Dataset entries:
(* Let $X,Y$ be random variables on finite sets $\mathcal{X},\mathcal{Y}$ with joint pmf $P_{XY}$. Let $\lambda_{\min}<\lambda_{\max}$ and $\Delta>0$ be such that $N=(\lambda_{\max}-\lambda_{\min})/\Delta$ is a positive integer, and let $l$ be a hash length. Run the Interactive Slepian–Wolf protocol described in the context with parameters $l$ and $\Delta$, and let $\hat X=\hat X(x,y)$ denote party 2's estimate at the end, with the convention $\hat X=\emptyset$ if an error is declared. Then for every $1\le i\le N$ and every $(x,y)\in\mathcal{T}_i$: (i) the protocol sends at most $l+(i-1)\Delta+i$ bits; (ii) $\Pr(\hat X\neq x\mid X=x,Y=y)\le i\,2^{\lambda_{\min}+\Delta-l}$.
   Context: All logarithms are to base 2, and $h(x|y)=-\log P_{X|Y}(x|y)$. Put $\lambda_i=\lambda_{\min}+(i-1)\Delta$, and for $1\le i\le N$ let $\mathcal{T}_i=\{(x,y):\lambda_i\le h(x|y)<\lambda_i+\Delta\}$. The parameters $l$ and $\Delta$ are used as hash lengths in bits (implicitly integers). The Interactive Slepian–Wolf protocol uses public randomness shared by both parties and proceeds in rounds as follows. Round 1. A map $h_1$ is drawn uniformly from all maps $\mathcal{X}\to\{0,1\}^l$, and party 1 sends $\Pi_1=h_1(X)$. If party 2 finds a unique $x$ with $(x,Y)\in\mathcal{T}_1$ and $h_1(x)=\Pi_1$, it sets $\hat X=x$ and sends a one-bit ACK; otherwise it sends a one-bit NACK. Round $i$, for $i=2,\dots,N$, performed only while no ACK has been sent. A map $h_i$ is drawn uniformly from all maps $\mathcal{X}\to\{0,1\}^\Delta$, independently of earlier maps, and party 1 sends $\Pi_{2i-1}=h_i(X)$. Party 2 looks for $x$ with $(x,Y)\in\mathcal{T}_i$ and $h_j(x)=\Pi_{2j-1}$ for all $j\le i$. - If exactly one such $x$ exists, party 2 sets $\hat X=x$ and sends ACK. - If more than one exists, an error is declared. - If none exists, party 2 sends NACK. Termination. If no $\hat X$ is found at the end, an error is declared. *)

theory Defs
  imports "HOL-Probability.Probability"
begin

definition condp :: "('x \<times> 'y) pmf \<Rightarrow> 'x \<Rightarrow> 'y \<Rightarrow> real" where
  "condp PXY x y = pmf PXY (x, y) / measure_pmf.prob PXY {p. snd p = y}"

definition hcond :: "('x \<times> 'y) pmf \<Rightarrow> 'x \<Rightarrow> 'y \<Rightarrow> real" where
  "hcond PXY x y = - log 2 (condp PXY x y)"

text \<open>The slice T_i (i >= 1); pairs with P(x|y)=0 have h = +infinity and lie in no slice.\<close>
definition Tset :: "('x \<times> 'y) pmf \<Rightarrow> real \<Rightarrow> nat \<Rightarrow> nat \<Rightarrow> ('x \<times> 'y) set" where
  "Tset PXY lmin \<Delta> i = {(x, y). condp PXY x y > 0 \<and>
      lmin + (real i - 1) * real \<Delta> \<le> hcond PXY x y \<and>
      hcond PXY x y < lmin + (real i - 1) * real \<Delta> + real \<Delta>}"

definition hash_len :: "nat \<Rightarrow> nat \<Rightarrow> nat \<Rightarrow> nat" where
  "hash_len l \<Delta> i = (if i = 1 then l else \<Delta>)"

text \<open>Public randomness: a family of maps h_1..h_N, h_i : X -> {0,1}^{len i}
  (bit strings encoded as naturals below 2^{len i}); unused indices are fixed to 0.
  The uniform distribution on this set is the product of independent uniform maps.\<close>
definition hash_space :: "nat \<Rightarrow> nat \<Rightarrow> nat \<Rightarrow> (nat \<Rightarrow> 'x \<Rightarrow> nat) set" where
  "hash_space l \<Delta> N = {H. \<forall>i x. (i \<in> {1..N} \<longrightarrow> H i x < 2 ^ hash_len l \<Delta> i) \<and>
                                 (i \<notin> {1..N} \<longrightarrow> H i x = 0)}"

definition cands :: "('x \<times> 'y) pmf \<Rightarrow> real \<Rightarrow> nat \<Rightarrow> (nat \<Rightarrow> 'x \<Rightarrow> nat) \<Rightarrow> 'x \<Rightarrow> 'y \<Rightarrow> nat \<Rightarrow> 'x set" where
  "cands PXY lmin \<Delta> H x y i =
     {x'. (x', y) \<in> Tset PXY lmin \<Delta> i \<and> (\<forall>j\<in>{1..i}. H j x' = H j x)}"

text \<open>Round at which the protocol stops: the first round with a nonempty candidate set
  (ACK or error), or N if every round ended with NACK.\<close>
definition stop_round :: "('x \<times> 'y) pmf \<Rightarrow> real \<Rightarrow> nat \<Rightarrow> nat \<Rightarrow> (nat \<Rightarrow> 'x \<Rightarrow> nat) \<Rightarrow> 'x \<Rightarrow> 'y \<Rightarrow> nat" where
  "stop_round PXY lmin \<Delta> N H x y =
     (if \<exists>i\<in>{1..N}. cands PXY lmin \<Delta> H x y i \<noteq> {}
      then (LEAST i. i \<in> {1..N} \<and> cands PXY lmin \<Delta> H x y i \<noteq> {}) else N)"

text \<open>Party 2's estimate; None encodes an error (X-hat = empty set).\<close>
definition estimate :: "('x \<times> 'y) pmf \<Rightarrow> real \<Rightarrow> nat \<Rightarrow> nat \<Rightarrow> (nat \<Rightarrow> 'x \<Rightarrow> nat) \<Rightarrow> 'x \<Rightarrow> 'y \<Rightarrow> 'x option" where
  "estimate PXY lmin \<Delta> N H x y =
     (if \<exists>i\<in>{1..N}. cands PXY lmin \<Delta> H x y i \<noteq> {}
      then (let C = cands PXY lmin \<Delta> H x y (stop_round PXY lmin \<Delta> N H x y) in
            if card C = 1 then Some (the_elem C) else None)
      else None)"

text \<open>Number of bits communicated: in each round r up to the stopping round,
  party 1 sends hash_len r bits and party 2 sends one feedback bit.\<close>
definition bits_sent :: "('x \<times> 'y) pmf \<Rightarrow> real \<Rightarrow> nat \<Rightarrow> nat \<Rightarrow> nat \<Rightarrow> (nat \<Rightarrow> 'x \<Rightarrow> nat) \<Rightarrow> 'x \<Rightarrow> 'y \<Rightarrow> nat" where
  "bits_sent PXY lmin l \<Delta> N H x y =
     (\<Sum>r\<in>{1..stop_round PXY lmin \<Delta> N H x y}. hash_len l \<Delta> r + 1)"

end

theory Submission
  imports Defs
begin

**What is required:** Above are the records; copy all of them exactly.

**Answer to this problem:**
(* Let $X,Y$ be random variables on finite sets $\mathcal{X},\mathcal{Y}$ with joint pmf $P_{XY}$. Let $\lambda_{\min}<\lambda_{\max}$ and $\Delta>0$ be such that $N=(\lambda_{\max}-\lambda_{\min})/\Delta$ is a positive integer, and let $l$ be a hash length. Run the Interactive Slepian–Wolf protocol described in the context with parameters $l$ and $\Delta$, and let $\hat X=\hat X(x,y)$ denote party 2's estimate at the end, with the convention $\hat X=\emptyset$ if an error is declared. Then for every $1\le i\le N$ and every $(x,y)\in\mathcal{T}_i$: (i) the protocol sends at most $l+(i-1)\Delta+i$ bits; (ii) $\Pr(\hat X\neq x\mid X=x,Y=y)\le i\,2^{\lambda_{\min}+\Delta-l}$.
   Context: All logarithms are to base 2, and $h(x|y)=-\log P_{X|Y}(x|y)$. Put $\lambda_i=\lambda_{\min}+(i-1)\Delta$, and for $1\le i\le N$ let $\mathcal{T}_i=\{(x,y):\lambda_i\le h(x|y)<\lambda_i+\Delta\}$. The parameters $l$ and $\Delta$ are used as hash lengths in bits (implicitly integers). The Interactive Slepian–Wolf protocol uses public randomness shared by both parties and proceeds in rounds as follows. Round 1. A map $h_1$ is drawn uniformly from all maps $\mathcal{X}\to\{0,1\}^l$, and party 1 sends $\Pi_1=h_1(X)$. If party 2 finds a unique $x$ with $(x,Y)\in\mathcal{T}_1$ and $h_1(x)=\Pi_1$, it sets $\hat X=x$ and sends a one-bit ACK; otherwise it sends a one-bit NACK. Round $i$, for $i=2,\dots,N$, performed only while no ACK has been sent. A map $h_i$ is drawn uniformly from all maps $\mathcal{X}\to\{0,1\}^\Delta$, independently of earlier maps, and party 1 sends $\Pi_{2i-1}=h_i(X)$. Party 2 looks for $x$ with $(x,Y)\in\mathcal{T}_i$ and $h_j(x)=\Pi_{2j-1}$ for all $j\le i$. - If exactly one such $x$ exists, party 2 sets $\hat X=x$ and sends ACK. - If more than one exists, an error is declared. - If none exists, party 2 sends NACK. Termination. If no $\hat X$ is found at the end, an error is declared. *)

theory Defs
  imports "HOL-Probability.Probability"
begin

definition condp :: "('x \<times> 'y) pmf \<Rightarrow> 'x \<Rightarrow> 'y \<Rightarrow> real" where
  "condp PXY x y = pmf PXY (x, y) / measure_pmf.prob PXY {p. snd p = y}"

definition hcond :: "('x \<times> 'y) pmf \<Rightarrow> 'x \<Rightarrow> 'y \<Rightarrow> real" where
  "hcond PXY x y = - log 2 (condp PXY x y)"

text \<open>The slice T_i (i >= 1); pairs with P(x|y)=0 have h = +infinity and lie in no slice.\<close>
definition Tset :: "('x \<times> 'y) pmf \<Rightarrow> real \<Rightarrow> nat \<Rightarrow> nat \<Rightarrow> ('x \<times> 'y) set" where
  "Tset PXY lmin \<Delta> i = {(x, y). condp PXY x y > 0 \<and>
      lmin + (real i - 1) * real \<Delta> \<le> hcond PXY x y \<and>
      hcond PXY x y < lmin + (real i - 1) * real \<Delta> + real \<Delta>}"

definition hash_len :: "nat \<Rightarrow> nat \<Rightarrow> nat \<Rightarrow> nat" where
  "hash_len l \<Delta> i = (if i = 1 then l else \<Delta>)"

text \<open>Public randomness: a family of maps h_1..h_N, h_i : X -> {0,1}^{len i}
  (bit strings encoded as naturals below 2^{len i}); unused indices are fixed to 0.
  The uniform distribution on this set is the product of independent uniform maps.\<close>
definition hash_space :: "nat \<Rightarrow> nat \<Rightarrow> nat \<Rightarrow> (nat \<Rightarrow> 'x \<Rightarrow> nat) set" where
  "hash_space l \<Delta> N = {H. \<forall>i x. (i \<in> {1..N} \<longrightarrow> H i x < 2 ^ hash_len l \<Delta> i) \<and>
                                 (i \<notin> {1..N} \<longrightarrow> H i x = 0)}"

definition cands :: "('x \<times> 'y) pmf \<Rightarrow> real \<Rightarrow> nat \<Rightarrow> (nat \<Rightarrow> 'x \<Rightarrow> nat) \<Rightarrow> 'x \<Rightarrow> 'y \<Rightarrow> nat \<Rightarrow> 'x set" where
  "cands PXY lmin \<Delta> H x y i =
     {x'. (x', y) \<in> Tset PXY lmin \<Delta> i \<and> (\<forall>j\<in>{1..i}. H j x' = H j x)}"

text \<open>Round at which the protocol stops: the first round with a nonempty candidate set
  (ACK or error), or N if every round ended with NACK.\<close>
definition stop_round :: "('x \<times> 'y) pmf \<Rightarrow> real \<Rightarrow> nat \<Rightarrow> nat \<Rightarrow> (nat \<Rightarrow> 'x \<Rightarrow> nat) \<Rightarrow> 'x \<Rightarrow> 'y \<Rightarrow> nat" where
  "stop_round PXY lmin \<Delta> N H x y =
     (if \<exists>i\<in>{1..N}. cands PXY lmin \<Delta> H x y i \<noteq> {}
      then (LEAST i. i \<in> {1..N} \<and> cands PXY lmin \<Delta> H x y i \<noteq> {}) else N)"

text \<open>Party 2's estimate; None encodes an error (X-hat = empty set).\<close>
definition estimate :: "('x \<times> 'y) pmf \<Rightarrow> real \<Rightarrow> nat \<Rightarrow> nat \<Rightarrow> (nat \<Rightarrow> 'x \<Rightarrow> nat) \<Rightarrow> 'x \<Rightarrow> 'y \<Rightarrow> 'x option" where
  "estimate PXY lmin \<Delta> N H x y =
     (if \<exists>i\<in>{1..N}. cands PXY lmin \<Delta> H x y i \<noteq> {}
      then (let C = cands PXY lmin \<Delta> H x y (stop_round PXY lmin \<Delta> N H x y) in
            if card C = 1 then Some (the_elem C) else None)
      else None)"

text \<open>Number of bits communicated: in each round r up to the stopping round,
  party 1 sends hash_len r bits and party 2 sends one feedback bit.\<close>
definition bits_sent :: "('x \<times> 'y) pmf \<Rightarrow> real \<Rightarrow> nat \<Rightarrow> nat \<Rightarrow> nat \<Rightarrow> (nat \<Rightarrow> 'x \<Rightarrow> nat) \<Rightarrow> 'x \<Rightarrow> 'y \<Rightarrow> nat" where
  "bits_sent PXY lmin l \<Delta> N H x y =
     (\<Sum>r\<in>{1..stop_round PXY lmin \<Delta> N H x y}. hash_len l \<Delta> r + 1)"

end

theory Submission
  imports Defs
begin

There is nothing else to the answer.